(Information given begins)
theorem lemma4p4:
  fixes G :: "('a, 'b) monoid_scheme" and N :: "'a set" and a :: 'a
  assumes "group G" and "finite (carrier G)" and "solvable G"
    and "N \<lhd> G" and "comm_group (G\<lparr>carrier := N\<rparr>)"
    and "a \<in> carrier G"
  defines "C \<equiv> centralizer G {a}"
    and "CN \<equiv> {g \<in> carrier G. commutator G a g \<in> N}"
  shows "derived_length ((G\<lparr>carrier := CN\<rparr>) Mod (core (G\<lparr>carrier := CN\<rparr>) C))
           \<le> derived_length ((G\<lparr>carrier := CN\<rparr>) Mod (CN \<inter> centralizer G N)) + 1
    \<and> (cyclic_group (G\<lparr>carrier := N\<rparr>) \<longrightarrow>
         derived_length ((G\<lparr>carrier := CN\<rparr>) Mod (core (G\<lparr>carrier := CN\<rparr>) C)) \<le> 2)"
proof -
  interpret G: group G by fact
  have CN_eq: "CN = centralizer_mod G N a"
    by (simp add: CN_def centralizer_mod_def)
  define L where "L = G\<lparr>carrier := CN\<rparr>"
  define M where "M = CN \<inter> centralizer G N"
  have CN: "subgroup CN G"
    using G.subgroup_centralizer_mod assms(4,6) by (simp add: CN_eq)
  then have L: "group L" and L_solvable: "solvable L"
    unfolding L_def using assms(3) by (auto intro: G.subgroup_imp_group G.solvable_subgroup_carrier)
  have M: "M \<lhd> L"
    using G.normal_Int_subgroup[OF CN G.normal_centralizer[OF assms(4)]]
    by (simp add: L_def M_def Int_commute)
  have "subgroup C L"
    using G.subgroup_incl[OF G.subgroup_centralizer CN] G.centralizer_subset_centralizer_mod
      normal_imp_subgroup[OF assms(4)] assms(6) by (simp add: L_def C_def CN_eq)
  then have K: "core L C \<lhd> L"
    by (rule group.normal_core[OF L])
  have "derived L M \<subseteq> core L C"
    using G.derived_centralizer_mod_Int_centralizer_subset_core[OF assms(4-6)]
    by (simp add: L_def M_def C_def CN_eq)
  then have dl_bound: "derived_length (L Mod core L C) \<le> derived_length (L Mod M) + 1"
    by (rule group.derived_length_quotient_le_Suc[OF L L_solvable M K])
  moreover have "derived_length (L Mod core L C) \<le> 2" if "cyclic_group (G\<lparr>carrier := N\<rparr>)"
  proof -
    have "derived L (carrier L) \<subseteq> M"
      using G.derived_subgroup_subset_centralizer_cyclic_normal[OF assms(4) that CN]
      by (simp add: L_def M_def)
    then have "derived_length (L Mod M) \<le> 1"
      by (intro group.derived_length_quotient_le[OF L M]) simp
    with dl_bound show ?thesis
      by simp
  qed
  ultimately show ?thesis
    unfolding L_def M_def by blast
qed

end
(Information given ends)
What to produce |
Print each of the lines above again, unchanged.

Exercise response |
theorem lemma4p4:
  fixes G :: "('a, 'b) monoid_scheme" and N :: "'a set" and a :: 'a
  assumes "group G" and "finite (carrier G)" and "solvable G"
    and "N \<lhd> G" and "comm_group (G\<lparr>carrier := N\<rparr>)"
    and "a \<in> carrier G"
  defines "C \<equiv> centralizer G {a}"
    and "CN \<equiv> {g \<in> carrier G. commutator G a g \<in> N}"
  shows "derived_length ((G\<lparr>carrier := CN\<rparr>) Mod (core (G\<lparr>carrier := CN\<rparr>) C))
           \<le> derived_length ((G\<lparr>carrier := CN\<rparr>) Mod (CN \<inter> centralizer G N)) + 1
    \<and> (cyclic_group (G\<lparr>carrier := N\<rparr>) \<longrightarrow>
         derived_length ((G\<lparr>carrier := CN\<rparr>) Mod (core (G\<lparr>carrier := CN\<rparr>) C)) \<le> 2)"
proof -
  interpret G: group G by fact
  have CN_eq: "CN = centralizer_mod G N a"
    by (simp add: CN_def centralizer_mod_def)
  define L where "L = G\<lparr>carrier := CN\<rparr>"
  define M where "M = CN \<inter> centralizer G N"
  have CN: "subgroup CN G"
    using G.subgroup_centralizer_mod assms(4,6) by (simp add: CN_eq)
  then have L: "group L" and L_solvable: "solvable L"
    unfolding L_def using assms(3) by (auto intro: G.subgroup_imp_group G.solvable_subgroup_carrier)
  have M: "M \<lhd> L"
    using G.normal_Int_subgroup[OF CN G.normal_centralizer[OF assms(4)]]
    by (simp add: L_def M_def Int_commute)
  have "subgroup C L"
    using G.subgroup_incl[OF G.subgroup_centralizer CN] G.centralizer_subset_centralizer_mod
      normal_imp_subgroup[OF assms(4)] assms(6) by (simp add: L_def C_def CN_eq)
  then have K: "core L C \<lhd> L"
    by (rule group.normal_core[OF L])
  have "derived L M \<subseteq> core L C"
    using G.derived_centralizer_mod_Int_centralizer_subset_core[OF assms(4-6)]
    by (simp add: L_def M_def C_def CN_eq)
  then have dl_bound: "derived_length (L Mod core L C) \<le> derived_length (L Mod M) + 1"
    by (rule group.derived_length_quotient_le_Suc[OF L L_solvable M K])
  moreover have "derived_length (L Mod core L C) \<le> 2" if "cyclic_group (G\<lparr>carrier := N\<rparr>)"
  proof -
    have "derived L (carrier L) \<subseteq> M"
      using G.derived_subgroup_subset_centralizer_cyclic_normal[OF assms(4) that CN]
      by (simp add: L_def M_def)
    then have "derived_length (L Mod M) \<le> 1"
      by (intro group.derived_length_quotient_le[OF L M]) simp
    with dl_bound show ?thesis
      by simp
  qed
  ultimately show ?thesis
    unfolding L_def M_def by blast
qed

end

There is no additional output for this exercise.